While mixed, the 2012 year-end numbers don’t reflect “the amount of development work in progress in general aviation,” said Brad Mottier, GAMA chairman.
“The general aviation segment is poised for resurgence in the next few years as these new technologies certify and enter the market,” he said.
In the coming year, GAMA officials and members “will focus on lowering the barriers in general aviation to enable advanced technologies to more easily enter service and help improve safety,” Mottier said.
The organization also will continue to expand throughout the general aviation industry, as well as the world, he said.
“2012 saw an expansion of the GAMA membership to the agricultural airplane segment and helicopter manufacturers,” noted GAMA’s President and CEO Pete Bunce. “The data that we are publishing today reflects deliveries through the full breadth of certified general aviation manufacturing and the significant impact our industry has in creating more jobs and boosting the global economy. The current economic challenges and changing market dynamics have broad implications for the industry. That is why we have an aggressive agenda for 2013 that is aimed at increasing government effectiveness, advancing policies that strengthen general aviation, and raising general aviation safety levels worldwide.”
In 2012, GAMA members delivered 2,133 airplanes. Billings declined slightly to $18.9 billion compared to $19 billion in 2011.
One segment that saw a big jump was helicopters, with 1,044 delivered in 2012, a 21.5 percent jump from the 859 delivered in 2011.

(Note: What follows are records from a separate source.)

lemma circuit_nonempty: "matroid G indep \<Longrightarrow> circuit G indep C \<Longrightarrow> C \<noteq> {}"
  using matroid_indep_empty unfolding circuit_def by blast

lemma circuit_subset_eq:
  "circuit G indep C \<Longrightarrow> circuit G indep C' \<Longrightarrow> C' \<subseteq> C \<Longrightarrow> C' = C"
  unfolding circuit_def by blast

lemma circuit_card_le_Suc_mrank:
  assumes M: "matroid G indep" and C: "circuit G indep C"
  shows "card C \<le> Suc (mrank indep C)"
proof -
  obtain e where e: "e \<in> C" using circuit_nonempty[OF M C] by blast
  have "finite C"
    using C matroid_finite[OF M] finite_subset unfolding circuit_def by blast
  moreover have "indep (C - {e})" using C e unfolding circuit_def by blast
  ultimately have "card (C - {e}) \<le> mrank indep C" using card_le_mrank by blast
  then show ?thesis using \<open>finite C\<close> e by (simp add: card_Diff_singleton)
qed

lemma dependent_contains_circuit:
  assumes M: "matroid G indep"
  shows "D \<subseteq> G \<Longrightarrow> \<not> indep D \<Longrightarrow> \<exists>C\<subseteq>D. circuit G indep C"
proof (induction "card D" arbitrary: D rule: less_induct)
  case less
  show ?case
  proof (cases "\<forall>D'. D' \<subset> D \<longrightarrow> indep D'")
    case True
    then have "circuit G indep D" using less.prems unfolding circuit_def by blast
    then show ?thesis by blast
  next
    case False
    then obtain D' where D': "D' \<subset> D" "\<not> indep D'" by blast
    have "finite D" using less.prems(1) matroid_finite[OF M] finite_subset by blast
    then have "card D' < card D" using D'(1) by (rule psubset_card_mono)
    moreover have "D' \<subseteq> G" using D'(1) less.prems(1) by blast
    ultimately obtain C where "C \<subseteq> D'" "circuit G indep C"
      using less.hyps D'(2) by blast
    then show ?thesis using D'(1) by blast
  qed
qed
(* Let $n=1$, $\Omega=(0,3)$, $\mu=\chi_{(1,2)}$, $c=\chi_{(2,3)}$, $h=0$, and consider for $\lambda\in\mathbb{R}$ the problem $-u''=\mu(x)|u'|^2+\lambda c(x)u$ in $(0,3)$, $u\in H^1_0(0,3)\cap L^\infty(0,3)$ (in the weak sense with test functions in $H^1_0(0,3)\cap L^\infty(0,3)$). There exist a sequence $\lambda_j\to\pi^2/4$ and a sequence $u_j\in H^2(0,3)\cap H^1_0(0,3)$ such that each $u_j$ is a solution of this problem with $\lambda=\lambda_j$ and $\|u_j\|_\infty\to\infty$ as $j\to\infty$.
   Context: $\chi_A$ denotes the indicator function of the set $A$. *)

theory Defs
  imports "HOL-Analysis.Analysis" "HOL-Probability.Essential_Supremum"
begin

definition intv :: "real \<Rightarrow> real \<Rightarrow> real measure" where
  "intv a b = restrict_space lborel {a<..<b}"

definition test_fun :: "real \<Rightarrow> real \<Rightarrow> (real \<Rightarrow> real) \<Rightarrow> bool" where
  "test_fun a b \<phi> \<longleftrightarrow>
     (\<forall>k x. (deriv ^^ k) \<phi> differentiable (at x)) \<and>
     (\<exists>K. compact K \<and> K \<subseteq> {a<..<b} \<and> (\<forall>x. x \<notin> K \<longrightarrow> \<phi> x = 0))"

definition L2 :: "real \<Rightarrow> real \<Rightarrow> (real \<Rightarrow> real) \<Rightarrow> bool" where
  "L2 a b f \<longleftrightarrow> f \<in> borel_measurable (intv a b) \<and> integrable (intv a b) (\<lambda>x. (f x)\<^sup>2)"

definition Linf_norm :: "real \<Rightarrow> real \<Rightarrow> (real \<Rightarrow> real) \<Rightarrow> ereal" where
  "Linf_norm a b f = esssup (intv a b) (\<lambda>x. ereal \<bar>f x\<bar>)"

definition Linf :: "real \<Rightarrow> real \<Rightarrow> (real \<Rightarrow> real) \<Rightarrow> bool" where
  "Linf a b f \<longleftrightarrow> f \<in> borel_measurable (intv a b) \<and> Linf_norm a b f < \<infinity>"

Turboprop airplanes ended the year positive at 580 deliveries compared to 526 in 2011. The piston engine segment declined slightly, about 1.9%, to 881. Business jet shipments also declined from 696 to 672.
The combined value of civil airplane and helicopter shipments in 2012 was $3.4 billion, GAMA officials reported.
GAMA is an international trade association representing more than 80 of the world’s manufacturers of general aviation airplanes and rotorcraft, engines, avionics, components and related services. GAMA’s members also operate repair stations, FBOs, pilot and maintenance training facilities.